Boost Spirit: a sub grammatical addition to a line?

I play with Boost.Spirit . As part of a larger work, I am trying to build a grammar for parsing C / C ++ style string literals. I ran into a problem:

How to create a subgram that adds the result of std::string() to the calling grammar attribute std::string() (instead of a simple char ?

Here is my code that still works. (Actually, I already had a lot more, including things like '\n' , etc., but I reduced it to what I needed.)

 #define BOOST_SPIRIT_UNICODE #include <string> #include <boost/spirit/include/qi.hpp> #include <boost/spirit/include/phoenix_operator.hpp> using namespace boost; using namespace boost::spirit; using namespace boost::spirit::qi; template < typename Iterator > struct EscapedUnicode : grammar< Iterator, char() > // <-- should be std::string { EscapedUnicode() : EscapedUnicode::base_type( escaped_unicode ) { escaped_unicode %= "\\" > ( ( "u" >> uint_parser< char, 16, 4, 4 >() ) | ( "U" >> uint_parser< char, 16, 8, 8 >() ) ); } rule< Iterator, char() > escaped_unicode; // <-- should be std::string }; template < typename Iterator > struct QuotedString : grammar< Iterator, std::string() > { QuotedString() : QuotedString::base_type( quoted_string ) { quoted_string %= '"' >> *( escaped_unicode | ( char_ - ( '"' | eol ) ) ) >> '"'; } EscapedUnicode< Iterator > escaped_unicode; rule< Iterator, std::string() > quoted_string; }; int main() { std::string input = "\"foo\u0041\""; typedef std::string::const_iterator iterator_type; QuotedString< iterator_type > qs; std::string result; bool r = parse( input.cbegin(), input.cend(), qs, result ); std::cout << result << std::endl; } 

This prints fooA - the fooA grammar QuotedString grammar, which causes char to be added to the std::string QuotedString ( A , 0x41 ).

But of course, I will need to generate a sequence of characters (bytes) for anything other than 0x7f. EscapedUnicode could create a std::string , which should be added to the line generated by QuotedString .

And this is where I met the checkpoint. I don’t understand what Boost.Spirit does with Boost.Phoenix, and any attempts that I made led to long and rather elusive compiler errors related to templates.

So how can I do this? In fact, the answer does not require a proper Unicode conversion; this is a std::string question I need a solution for.

+5
source share
1 answer

Several points applied:

  • please do not use using namespace in relation to high code. ADL will ruin your day if you do not control it
  • The %= operator is the purpose of an automatic rule, which means that the automatic distribution of attributes will be forced even if there are semantic actions. You do not want this because the attribute opened by uint_parser will not automatically (automatically) propagate if you want to encode into a multibyte string representation.
  • Input line

     std::string input = "\"foo\u0041\""; 

    is necessary

     std::string input = "\"foo\\u0041\""; 

    otherwise, the compiler performed the transition processing before the parser even performed :)

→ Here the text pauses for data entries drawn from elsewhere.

lemma card_solve_small_components_on_large:
  assumes wf: "wf_graph G" and D: "dominating G D"
    and "0 \<le> \<alpha>" and "0 \<le> \<epsilon>" and "\<beta> \<le> \<epsilon> * real m"
    and A_bound: "real (card (run_local A r (induced G (fst G - small_vertices G m))))
      \<le> \<alpha> * real (MDS (induced G (fst G - small_vertices G m))) + \<beta>"
  shows "real (card (run_local (solve_small_components A r m) (r + 3 * m + 1) G
      - small_vertices G m)) \<le> (\<alpha> + \<epsilon>) * real (card (D - small_vertices G m))"
proof -
  let ?L = "fst G - small_vertices G m"
  have L: "union_of_components G ?L"
    using union_of_components_Diff[OF wf union_of_components_small_vertices[OF wf]] .
  have "run_local (solve_small_components A r m) (r + 3 * m + 1) G - small_vertices G m
      = run_local A r (induced G ?L)"
    using solve_small_components_on_large[OF wf, of A r m]
    unfolding run_local_induced[OF wf L] by (auto simp: run_local_def)
  moreover have "D - small_vertices G m = D \<inter> ?L"
    using D by (auto simp: dominating_def)
  moreover have
    "real (card (run_local A r (induced G ?L))) \<le> (\<alpha> + \<epsilon>) * real (card (D \<inter> ?L))"
  proof (cases "?L = {}")
    case True
    then have "run_local A r (induced G ?L) = {}" by (auto simp: run_local_def induced_def)
    then show ?thesis using \<open>0 \<le> \<alpha>\<close> \<open>0 \<le> \<epsilon>\<close> by simp
  next
    case False
    then obtain v where v: "v \<in> ?L" by blast
    then have "m + 1 \<le> card (D \<inter> ?L)"
      using large_vertex_dominators[OF wf _ _ L v D] by (simp add: small_vertices_def)
    then have "\<epsilon> * real m \<le> \<epsilon> * real (card (D \<inter> ?L))"
      using \<open>0 \<le> \<epsilon>\<close> by (intro mult_left_mono) auto
    then have "\<beta> \<le> \<epsilon> * real (card (D \<inter> ?L))" using \<open>\<beta> \<le> \<epsilon> * real m\<close> by linarith
    moreover have "\<alpha> * real (MDS (induced G ?L)) \<le> \<alpha> * real (card (D \<inter> ?L))"
      using MDS_le[OF dominating_induced[OF wf L D]] \<open>0 \<le> \<alpha>\<close> by (simp add: mult_left_mono)
    ultimately show ?thesis using A_bound by (simp add: distrib_right)
  qed
  ultimately show ?thesis by simp
qed

lemma solve_small_components_approx:
  assumes closed: "closed_under_components \<C>"
    and A_correct: "\<forall>G\<in>\<C>. wf_graph G \<longrightarrow> dominating G (run_local A r G) \<and>
      real (card (run_local A r G)) \<le> \<alpha> * real (MDS G) + \<beta>"
    and "1 \<le> \<alpha>" and "0 < \<epsilon>" and "\<beta> \<le> \<epsilon> * real m"
    and G: "G \<in> \<C>" and wf: "wf_graph G"
  shows "dominating G (run_local (solve_small_components A r m) (r + 3 * m + 1) G) \<and>
    real (card (run_local (solve_small_components A r m) (r + 3 * m + 1) G))
      \<le> (\<alpha> + \<epsilon>) * real (MDS G)"
proof
  let ?Out = "run_local (solve_small_components A r m) (r + 3 * m + 1) G"
  let ?S = "small_vertices G m" and ?D = "min_dominating_set G"
  let ?L = "fst G - ?S"
  show "dominating G ?Out"
    using A_correct G wf by (intro dominating_solve_small_components) auto
  have "union_of_components G ?L"
    using union_of_components_Diff[OF wf union_of_components_small_vertices[OF wf]] .
  then have "induced G ?L \<in> \<C>" using closed G wf unfolding closed_under_components_def by blast
  moreover have "wf_graph (induced G ?L)" using wf_graph_induced[OF wf] by blast
  ultimately have large: "real (card (?Out - ?S)) \<le> (\<alpha> + \<epsilon>) * real (card (?D - ?S))"
    using A_correct \<open>1 \<le> \<alpha>\<close> \<open>0 < \<epsilon>\<close> \<open>\<beta> \<le> \<epsilon> * real m\<close>
    by (intro card_solve_small_components_on_large[OF wf min_dominating_set(1)]) auto
  have "real (card (?Out \<inter> ?S)) \<le> real (card (?D \<inter> ?S))"
    using card_solve_small_components_on_small[OF wf min_dominating_set(1)] by simp
  also have "\<dots> \<le> (\<alpha> + \<epsilon>) * real (card (?D \<inter> ?S))"
    using mult_right_mono[of 1 "\<alpha> + \<epsilon>" "real (card (?D \<inter> ?S))"] \<open>1 \<le> \<alpha>\<close> \<open>0 < \<epsilon>\<close> by simp
  finally have small: "real (card (?Out \<inter> ?S)) \<le> (\<alpha> + \<epsilon>) * real (card (?D \<inter> ?S))" .
  have "finite ?Out" using wf_graph_finite[OF wf] by (simp add: run_local_def)
  then have "card ?Out = card (?Out \<inter> ?S) + card (?Out - ?S)" by (rule card_Int_Diff)
  then have "real (card ?Out) = real (card (?Out \<inter> ?S)) + real (card (?Out - ?S))"
    by (simp only: of_nat_add)
  also have "\<dots> \<le> (\<alpha> + \<epsilon>) * (real (card (?D \<inter> ?S)) + real (card (?D - ?S)))"
    using small large by (simp add: distrib_left)
  also have "\<dots> = (\<alpha> + \<epsilon>) * real (MDS G)"
  proof -
    have "card ?D = card (?D \<inter> ?S) + card (?D - ?S)"
      using finite_dominating[OF wf min_dominating_set(1)] by (rule card_Int_Diff)
    then show ?thesis by (simp add: min_dominating_set(2))
  qed
  finally show "real (card ?Out) \<le> (\<alpha> + \<epsilon>) * real (MDS G)" .
qed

Here are the specific tricks for the meat task:

  • You want to change the attribute of the declared rule to the fact that the Spirit will automatically β€œsmooth out” in simple sequences. For instance.

     quoted_string = '"' >> *(escaped_unicode | (qi::char_ - ('"' | qi::eol))) >> '"'; 

    It will not be added, because the first branch of the alternative result is obtained in the char sequence, and the second in one char. The following spelling is equivalent:

     quoted_string = '"' >> *(escaped_unicode | +(qi::char_ - ('"' | qi::eol | "\\u" | "\\U"))) >> '"'; 

    subtly launches the heuristic of adding to Spirit, so we can achieve what we want without the participation of semantic actions .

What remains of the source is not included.